In some embodiments, an OSC implant may be inserted as an intrauterine device (IUD), which is a small, often T-shaped contraceptive device that is implanted into the uterus using, e.g., methods known in the art. In some embodiments, the IUD can be hormonal or non-hormonal are long-acting, reversible. In some embodiment, the OSC implant may be porous implant (e.g., comprised of porous material such as titanium), which is characterized by the presence of regular or stochastic voids in the metallic or ceramic matrix depending on their manufacture.

E. Implant half-life

An OSC implant is designed to be surgically inserted into a subject’s body as described in the above section and is, as such, designed to be long lasting as compared to presently available treatment options for those seeking ART or HRT, which involve frequent medical appointments and continuous injections of hormones. An OSC implant, in contrast, offers many practical benefits and is therefore a potentially more attractive treatment option with fewer doctor appointments, fewer prescription refills, and no daily or weekly injections of hormones, among other potential benefits to the subject.

In some embodiments, an OSC implant retains its hormone-secreting function following implantation into a subject for a time period that is at least 200 days (e.g., at least 200 days, at least 210 days, at least 220 days, at least 230 days, at least 240 days, at least 250 days, at least 260 days, at least 270 days, at least 280 days, at least 290 days, at least 300 days, or longer). In some embodiments, an OSC implant retains its hormone-secreting function following implantation into a subject for a time period that is at least 6 months (e.g., at least 6 months, at least 7 months, at least 8 months, at least 9 months, at least 10 months, at least 11 months, at least 12 months, at least 13 months, at least 14 months, at least 15 months, or longer). In some embodiments an OSC implant retains its hormone-secreting function following implantation into a subject for a time period between 12 and 24 months (e.g., between 12 and 15 months, between 15 and 18 months, between 18 and 21 months, or between 21 and 24 months; e.g., 12 months, 13 months, 14 months, 15 months, 16 months, 17 months, 18 months, 19 months, 20 months, 21 months, 22 months, 23 months, or 24 months), such as 3 months and/or 3 years. In some embodiments, the OSC implant is removed and/or by a skilled medical practitioner after a certain period of time.

F. Implant kits

In some embodiments, the compositions and methods described herein also features one or more kits. A kit may contain the compositions described herein or other devices related to implantation. Such kits may be used for therapeutic or research purposes. EXAMPLES

Example 1. Exemplary method of an implant for ovarian decline

At a high level, aspects of the present disclosure are directed to apparatuses (e.g., implants) and methods for treating, ameliorating, and/or altogether reversing ovarian decline (e.g., by using the apparatuses (e.g., implants)).

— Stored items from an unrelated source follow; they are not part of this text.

text \<open>The geometric mean is concave and positively homogeneous, so it lies below each
  of its tangent planes at positive points; the tangent weights reproduce it at the
  point of tangency (Euler's identity).\<close>
lemma geom_mean_le_tangent:
  assumes "finite E" "\<forall>j\<in>E. 0 \<le> l j" "sum l E = 1" "\<forall>j\<in>E. 0 < u j" "\<forall>j\<in>E. 0 < v j"
  shows "geom_mean E l v \<le> (\<Sum>j\<in>E. (l j * geom_mean E l u / u j) * v j)"
proof -
  have pos: "0 < geom_mean E l u" using assms(4) by (rule geom_mean_pos)
  have "geom_mean E l (\<lambda>j. v j / u j) = geom_mean E l v / geom_mean E l u"
    unfolding geom_mean_def using assms(4,5)
    by (simp add: powr_divide less_imp_le prod_dividef)
  then have "geom_mean E l v = geom_mean E l u * geom_mean E l (\<lambda>j. v j / u j)"
    using pos by simp
  also have "\<dots> \<le> geom_mean E l u * (\<Sum>j\<in>E. l j * (v j / u j))"
    using pos assms by (intro mult_left_mono geom_mean_le_arith_mean) auto
  also have "\<dots> = (\<Sum>j\<in>E. (l j * geom_mean E l u / u j) * v j)"
    by (simp add: sum_distrib_left mult.assoc mult.left_commute)
  finally show ?thesis .
qed

lemma sum_tangent_weights:
  assumes "sum l E = 1" "\<forall>j\<in>E. 0 < u j"
  shows "(\<Sum>j\<in>E. (l j * geom_mean E l u / u j) * u j) = geom_mean E l u"
proof -
  have "(\<Sum>j\<in>E. (l j * geom_mean E l u / u j) * u j) = (\<Sum>j\<in>E. l j * geom_mean E l u)"
    using assms(2) by (intro sum.cong) auto
  also have "\<dots> = geom_mean E l u"
    using assms(1) by (simp flip: sum_distrib_right)
  finally show ?thesis .
qed

lemma geom_mean_exp_inner:
  fixes v :: "'i \<Rightarrow> 'a::real_inner"
  assumes "finite E" "barycentric E v l y"
  shows "geom_mean E l (\<lambda>j. exp (v j \<bullet> x)) = exp (y \<bullet> x)"
proof -
  have "geom_mean E l (\<lambda>j. exp (v j \<bullet> x)) = exp (\<Sum>j\<in>E. l j * (v j \<bullet> x))"
    unfolding geom_mean_def using assms(1) by (simp add: powr_def exp_sum mult.commute)
  also have "(\<Sum>j\<in>E. l j * (v j \<bullet> x)) = y \<bullet> x"
    using assms(2) by (auto simp: barycentric_def inner_sum_left)
  finally show ?thesis .
qed

lemma geom_extension_exp_inner:
  fixes v :: "'i \<Rightarrow> 'a::real_inner"
  assumes "finite E" "\<And>i. i \<notin> E \<Longrightarrow> barycentric E v (lam i) (v i)"
  shows "geom_extension E lam (\<lambda>j. exp (v j \<bullet> x)) k = exp (v k \<bullet> x)"
  using assms by (simp add: geom_extension_def geom_mean_exp_inner)

lemma geom_extension_scale:
  assumes "finite E" "\<And>i. i \<notin> E \<Longrightarrow> sum (lam i) E = 1" "0 < t" "\<forall>j\<in>E. 0 < u j"
  shows "geom_extension E lam (\<lambda>j. t * u j) k = t * geom_extension E lam u k"
  using assms by (simp add: geom_extension_def geom_mean_scale)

Aspects of the present disclosure can be used to reverse ovarian decline in a person by providing personalized cyclic dosing of hormones into a user. Aspects of the present disclosure can also be used as an ectopic ovarian hub to secrete replacement hormones into a user.

Referring now to the drawings, FIG. 1 illustrates an exemplary method of an implant 100 for ovarian decline. The foregoing has been a detailed description of illustrative embodiments of the invention. Various modifications and additions can be made without departing from the spirit and scope of this invention. Features of each of the various embodiments described above may be combined with features of other described embodiments as appropriate in order to provide a multiplicity of feature combinations in associated new embodiments. Furthermore, while the foregoing describes a number of separate embodiments, what has been described herein is merely illustrative of the application of the principles of the present invention. Additionally, although particular methods herein may be illustrated and/or described as being performed in a specific order, the ordering is highly variable within ordinary skill to achieve embodiments according to this disclosure. Accordingly, this description is meant to be taken only by way of example, and not to otherwise limit the scope of this invention.

Exemplary embodiments have been disclosed above and illustrated in the accompanying drawings. It will be understood by those skilled in the art that various changes, omissions and additions may be made to that which is specifically disclosed herein without departing from the spirit and scope of the present invention.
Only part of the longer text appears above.